Clark, 41, was a medical doctor as well as a commander in the U.S. Navy. She joined NASA in 1996 and the Columbia flight was her first shuttle mission.

During the shuttle mission, a failed piece of hardware caused heat to rise to about 84 degrees in the module, where Clark and her crew mates conducted experiments. Engineers eventually were able to reduce the heat to about 73 degrees, which Clark said made the astronauts "comfy."

"A piņa colada would have been really nice," Clark joked during the call. "It was warmer, but we all got along just fine."

Clark was born in Iowa but considered Racine, Wisconsin her hometown. She earned a zoology degree from the University of Wisconsin-Madison, where she also earned her medical degree.

She entered naval service after graduating from medical school and served as a submarine medical officer and a flight surgeon.

Studying life

Before the mission, Clark was injected with tracer chemicals for a medical experiment. She also donated blood several times before and after going into space, kept samples of her saliva and tracked what she ate and how much she slept in an effort to see how space affected the human body.

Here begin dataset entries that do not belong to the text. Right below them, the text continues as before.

(* Let $L$ be an invertible linear map of $\mathbb{C}^n$ with eigenvalues $\lambda_1,\dots,\lambda_n$ satisfying $0<|\lambda_1|<\dots<|\lambda_n|<1$. For every $r\ge 1$, \[ SR_r(L)+\mathrm{Im}(M_L^r)=\mathcal{H}^r, \] where $M_L^r:\mathcal{H}^r\to\mathcal{H}^r$ is $h\mapsto h\circ L-L\circ h$.
   Context: $E^{\lambda}(L)$ is the characteristic subspace of $L$ for the eigenvalue $\lambda$; here $\mathbb{C}^n=E^{\lambda_1}(L)\oplus\cdots\oplus E^{\lambda_n}(L)$. $\mathcal{H}^r$ is the vector space of homogeneous polynomial maps of degree $r$ from $\mathbb{C}^n$ to $\mathbb{C}^n$. A homogeneous polynomial map $Q$ with $Q(0)=0$ is of type $s=(s_1,\dots,s_n)$ if for all $a_1,\dots,a_n\in\mathbb{C}$ and $(t_1,\dots,t_n)\in E^{\lambda_1}(L)\times\cdots\times E^{\lambda_n}(L)$, $Q(a_1t_1+\dots+a_nt_n)=a_1^{s_1}\cdots a_n^{s_n}Q(t_1+\dots+t_n)$. A polynomial map $P$ with $P(0)=0$ is of sub-resonance type with respect to $L$ if for each $i$ its component $P_i:\mathbb{C}^n\to E^{\lambda_i}(L)$ consists only of homogeneous terms of types $s$ with $\ln|\lambda_i|\le\sum_j s_j\ln|\lambda_j|$. $SR_r(L)$ denotes the set of elements of $\mathcal{H}^r$ that are of sub-resonance type with respect to $L$. *)

theory Defs
  imports "HOL-Analysis.Analysis"
begin

text \<open>C^n is modelled as complex^'n for a finite index type 'n (n = CARD('n));
  linear maps of C^n are matrices acting by *v.\<close>

definition is_eigenvalue :: "complex^'n^'n \<Rightarrow> complex \<Rightarrow> bool" where
  "is_eigenvalue L \<mu> \<longleftrightarrow> (\<exists>v. v \<noteq> 0 \<and> L *v v = \<mu> *s v)"

definition char_subspace :: "complex^'n^'n \<Rightarrow> complex \<Rightarrow> (complex^'n) set" where
  "char_subspace L \<mu> = {v. ((\<lambda>x. L *v x - \<mu> *s x) ^^ CARD('n)) v = 0}"

definition hom_poly :: "nat \<Rightarrow> (complex^'n \<Rightarrow> complex^'n) \<Rightarrow> bool" where
  "hom_poly r Q \<longleftrightarrow> (\<exists>c :: ('n \<Rightarrow> nat) \<Rightarrow> complex^'n.
     \<forall>x. Q x = (\<Sum>\<alpha>\<in>{\<alpha>. sum \<alpha> UNIV = r}. (\<Prod>i\<in>UNIV. (x $ i) ^ \<alpha> i) *s c \<alpha>))"

definition Hr :: "nat \<Rightarrow> (complex^'n \<Rightarrow> complex^'n) set" where
  "Hr r = {Q. hom_poly r Q}"

definition of_type :: "complex^'n^'n \<Rightarrow> ('n \<Rightarrow> complex) \<Rightarrow> ('n \<Rightarrow> nat)
     \<Rightarrow> (complex^'n \<Rightarrow> complex^'n) \<Rightarrow> bool" where
  "of_type L lam s Q \<longleftrightarrow> Q 0 = 0 \<and>
     (\<forall>(a :: 'n \<Rightarrow> complex) (t :: 'n \<Rightarrow> complex^'n).
        (\<forall>j. t j \<in> char_subspace L (lam j)) \<longrightarrow>
        Q (\<Sum>j\<in>UNIV. a j *s t j) = (\<Prod>j\<in>UNIV. a j ^ s j) *s Q (\<Sum>j\<in>UNIV. t j))"

definition subres_ok :: "('n \<Rightarrow> complex) \<Rightarrow> 'n \<Rightarrow> ('n \<Rightarrow> nat) \<Rightarrow> bool" where
  "subres_ok lam i s \<longleftrightarrow> ln (cmod (lam i)) \<le> (\<Sum>j\<in>UNIV. real (s j) * ln (cmod (lam j)))"

text \<open>SR_r(L): elements P of H^r such that, for each i, the component
  P_i : C^n \<rightarrow> E^{lam i}(L) (with P = sum_i P_i) is a sum of homogeneous
  polynomial terms Q i s of types s satisfying the sub-resonance condition.\<close>
definition SR :: "complex^'n^'n \<Rightarrow> ('n \<Rightarrow> complex) \<Rightarrow> nat \<Rightarrow> (complex^'n \<Rightarrow> complex^'n) set" where
  "SR L lam r = {P. P \<in> Hr r \<and>
     (\<exists>Q :: 'n \<Rightarrow> ('n \<Rightarrow> nat) \<Rightarrow> (complex^'n \<Rightarrow> complex^'n).
        (\<forall>i s. Q i s \<in> Hr r \<and> of_type L lam s (Q i s) \<and>
               (\<forall>x. Q i s x \<in> char_subspace L (lam i))) \<and>
        (\<forall>x. P x = (\<Sum>i\<in>UNIV. \<Sum>s\<in>{s. sum s UNIV = r \<and> subres_ok lam i s}. Q i s x)))}"

definition MapM :: "complex^'n^'n \<Rightarrow> (complex^'n \<Rightarrow> complex^'n) \<Rightarrow> (complex^'n \<Rightarrow> complex^'n)" where
  "MapM L h = (\<lambda>x. h (L *v x) - L *v (h x))"

end

theory Submission imports Defs begin

(* Because the moduli |lambda_i| are distinct, L is diagonalisable. In the coordinates y = W x
   of an eigenbasis v_1, ..., v_n, every Q in H^r is a combination of the eigen-monomials
   y^s v_i with |s| = r; each of them is of type s with values in E^{lambda_i}(L), and M_L acts
   on it as multiplication by lambda^s - lambda_i. If the pair (i, s) violates the
   sub-resonance inequality then |lambda^s| < |lambda_i|, so lambda^s - lambda_i is invertible
   and the term lies in the image of M_L; the remaining terms form an element of SR_r(L). *)

definition monom :: "('n::finite \<Rightarrow> nat) \<Rightarrow> 'a::comm_semiring_1^'n \<Rightarrow> 'a" where
  "monom \<alpha> x = (\<Prod>i\<in>UNIV. (x $ i) ^ \<alpha> i)"

definition scalar_hom_poly :: "nat \<Rightarrow> ('a::comm_semiring_1^'n::finite \<Rightarrow> 'a) \<Rightarrow> bool" where
  "scalar_hom_poly r f \<longleftrightarrow>
     (\<exists>c. \<forall>x. f x = (\<Sum>\<alpha>\<in>{\<alpha>. sum \<alpha> UNIV = r}. c \<alpha> * monom \<alpha> x))"

lemma finite_multi_indices: "finite {\<alpha>::'n::finite \<Rightarrow> nat. sum \<alpha> UNIV = r}"
proof (rule finite_subset)
  show "{\<alpha>::'n \<Rightarrow> nat. sum \<alpha> UNIV = r} \<subseteq> {\<alpha>. \<forall>i. \<alpha> i \<in> {..r}}"
    by (auto intro: member_le_sum)
  show "finite {\<alpha>::'n \<Rightarrow> nat. \<forall>i. \<alpha> i \<in> {..r}}"
    using finite_set_of_finite_funs[of "UNIV::'n set" "{..r}" 0] by simp
qed

lemma sum_Collect_conj_split:
  "finite {x. P x} \<Longrightarrow> sum f {x. P x} = sum f {x. P x \<and> Q x} + sum f {x. P x \<and> \<not> Q x}"
  by (subst sum.Int_Diff[of _ _ "{x. Q x}"]) (simp_all add: Int_def set_diff_eq)

lemma monom_add: "monom (\<lambda>i. \<alpha> i + \<beta> i) x = monom \<alpha> x * monom \<beta> x"
  unfolding monom_def by (simp add: power_add prod.distrib)

lemma monom_indicator: "monom (\<lambda>i. if i = k then 1 else 0) x = x $ k"
  unfolding monom_def by (simp add: if_distrib prod.delta cong: if_cong)

lemma scalar_hom_poly_zero: "scalar_hom_poly r (\<lambda>_. 0)"
  unfolding scalar_hom_poly_def by (rule exI[of _ "\<lambda>_. 0"]) simp

lemma scalar_hom_poly_add:
  assumes "scalar_hom_poly r f" "scalar_hom_poly r g"
  shows "scalar_hom_poly r (\<lambda>x. f x + g x)"
proof -
  obtain c where c: "\<And>x. f x = (\<Sum>\<alpha>\<in>{\<alpha>. sum \<alpha> UNIV = r}. c \<alpha> * monom \<alpha> x)"
    using assms(1) unfolding scalar_hom_poly_def by blast
  obtain d where d: "\<And>x. g x = (\<Sum>\<alpha>\<in>{\<alpha>. sum \<alpha> UNIV = r}. d \<alpha> * monom \<alpha> x)"
    using assms(2) unfolding scalar_hom_poly_def by blast
  show ?thesis unfolding scalar_hom_poly_def
    by (intro exI[of _ "\<lambda>\<alpha>. c \<alpha> + d \<alpha>"]) (simp add: c d distrib_right sum.distrib)
qed

lemma scalar_hom_poly_scale:
  assumes "scalar_hom_poly r f" shows "scalar_hom_poly r (\<lambda>x. a * f x)"
proof -
  obtain c where "\<And>x. f x = (\<Sum>\<alpha>\<in>{\<alpha>. sum \<alpha> UNIV = r}. c \<alpha> * monom \<alpha> x)"
    using assms unfolding scalar_hom_poly_def by blast
  then show ?thesis unfolding scalar_hom_poly_def
    by (intro exI[of _ "\<lambda>\<alpha>. a * c \<alpha>"]) (simp add: sum_distrib_left mult.assoc)
qed

lemma scalar_hom_poly_sum:
  "finite S \<Longrightarrow> (\<And>j. j \<in> S \<Longrightarrow> scalar_hom_poly r (g j))
    \<Longrightarrow> scalar_hom_poly r (\<lambda>x. \<Sum>j\<in>S. g j x)"
  by (induction S rule: finite_induct) (auto intro: scalar_hom_poly_zero scalar_hom_poly_add)

lemma scalar_hom_poly_monom: "scalar_hom_poly (sum \<alpha> UNIV) (monom \<alpha>)"
  unfolding scalar_hom_poly_def
  by (rule exI[of _ "\<lambda>\<beta>. if \<beta> = \<alpha> then 1 else 0"])
    (simp add: finite_multi_indices if_distrib[where f="\<lambda>c. c * _"] cong: if_cong)

lemma scalar_hom_poly_one: "scalar_hom_poly 0 (\<lambda>_::'a::comm_semiring_1^'n::finite. 1::'a)"
proof -
  have "scalar_hom_poly (sum (\<lambda>_::'n. 0) UNIV) (monom (\<lambda>_::'n. 0) :: 'a^'n \<Rightarrow> 'a)"
    by (rule scalar_hom_poly_monom)
  then show ?thesis by (simp add: monom_def[abs_def])
qed

lemma scalar_hom_poly_mult:
  fixes f g :: "'a::comm_semiring_1^'n::finite \<Rightarrow> 'a"
  assumes "scalar_hom_poly m f" "scalar_hom_poly n g"
  shows "scalar_hom_poly (m + n) (\<lambda>x. f x * g x)"
proof -
  obtain c where c: "\<And>x. f x = (\<Sum>\<alpha>\<in>{\<alpha>. sum \<alpha> UNIV = m}. c \<alpha> * monom \<alpha> x)"
    using assms(1) unfolding scalar_hom_poly_def by blast
  obtain d where d: "\<And>x. g x = (\<Sum>\<beta>\<in>{\<beta>. sum \<beta> UNIV = n}. d \<beta> * monom \<beta> x)"
    using assms(2) unfolding scalar_hom_poly_def by blast
  have "f x * g x = (\<Sum>\<alpha>\<in>{\<alpha>. sum \<alpha> UNIV = m}. \<Sum>\<beta>\<in>{\<beta>. sum \<beta> UNIV = n}.
          (c \<alpha> * d \<beta>) * monom (\<lambda>i. \<alpha> i + \<beta> i) x)" for x
  proof -
    have "f x * g x = (\<Sum>\<alpha>\<in>{\<alpha>. sum \<alpha> UNIV = m}. \<Sum>\<beta>\<in>{\<beta>. sum \<beta> UNIV = n}.
            (c \<alpha> * monom \<alpha> x) * (d \<beta> * monom \<beta> x))"
      unfolding c d by (rule sum_product)
    then show ?thesis by (simp only: monom_add mult_ac)
  qed
  moreover have "scalar_hom_poly (m + n) (\<lambda>x. \<Sum>\<alpha>\<in>{\<alpha>. sum \<alpha> UNIV = m}. \<Sum>\<beta>\<in>{\<beta>. sum \<beta> UNIV = n}.
          (c \<alpha> * d \<beta>) * monom (\<lambda>i. \<alpha> i + \<beta> i) x)"
  proof (intro scalar_hom_poly_sum finite_multi_indices scalar_hom_poly_scale)
    fix \<alpha> \<beta> :: "'n \<Rightarrow> nat" assume "\<alpha> \<in> {\<alpha>. sum \<alpha> UNIV = m}" "\<beta> \<in> {\<beta>. sum \<beta> UNIV = n}"
    then have "sum (\<lambda>i. \<alpha> i + \<beta> i) UNIV = m + n" by (simp add: sum.distrib)
    then show "scalar_hom_poly (m + n) (monom (\<lambda>i. \<alpha> i + \<beta> i))"
      using scalar_hom_poly_monom by metis
  qed
  ultimately show ?thesis by simp
qed

lemma scalar_hom_poly_power:
  assumes "scalar_hom_poly d f" shows "scalar_hom_poly (d * e) (\<lambda>x. f x ^ e)"
proof (induction e)
  case 0 then show ?case using scalar_hom_poly_one by simp
next
  case (Suc e)
  then show ?case using scalar_hom_poly_mult[OF assms Suc] by simp
qed

lemma scalar_hom_poly_prod:
  "finite S \<Longrightarrow> (\<And>i. i \<in> S \<Longrightarrow> scalar_hom_poly (d i) (f i))
    \<Longrightarrow> scalar_hom_poly (\<Sum>i\<in>S. d i) (\<lambda>x. \<Prod>i\<in>S. f i x)"
  by (induction S rule: finite_induct) (auto intro: scalar_hom_poly_one scalar_hom_poly_mult)

lemma scalar_hom_poly_linear_form: "scalar_hom_poly 1 (\<lambda>x. (A *v x) $ i)"
proof -
  have "scalar_hom_poly 1 (\<lambda>x. \<Sum>j\<in>UNIV. A $ i $ j * monom (\<lambda>l. if l = j then 1 else 0) x)"
    using scalar_hom_poly_monom[of "\<lambda>l. if l = _ then 1 else 0"]
    by (intro scalar_hom_poly_sum scalar_hom_poly_scale) auto
  then show ?thesis by (simp add: monom_indicator matrix_vector_mult_def)
qed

It was the wonder of life that inspired her most during the space trip, making note of the silkworm cocoon that she had seen hatch in orbit as part of an experiment.

"There was a moth in there, and it still had its wings crumpled up, and it was just starting to pump its wings up," she told a reporter. "Life continues in lots of places, and life is a magical thing."

Clark is survived by her husband and one child.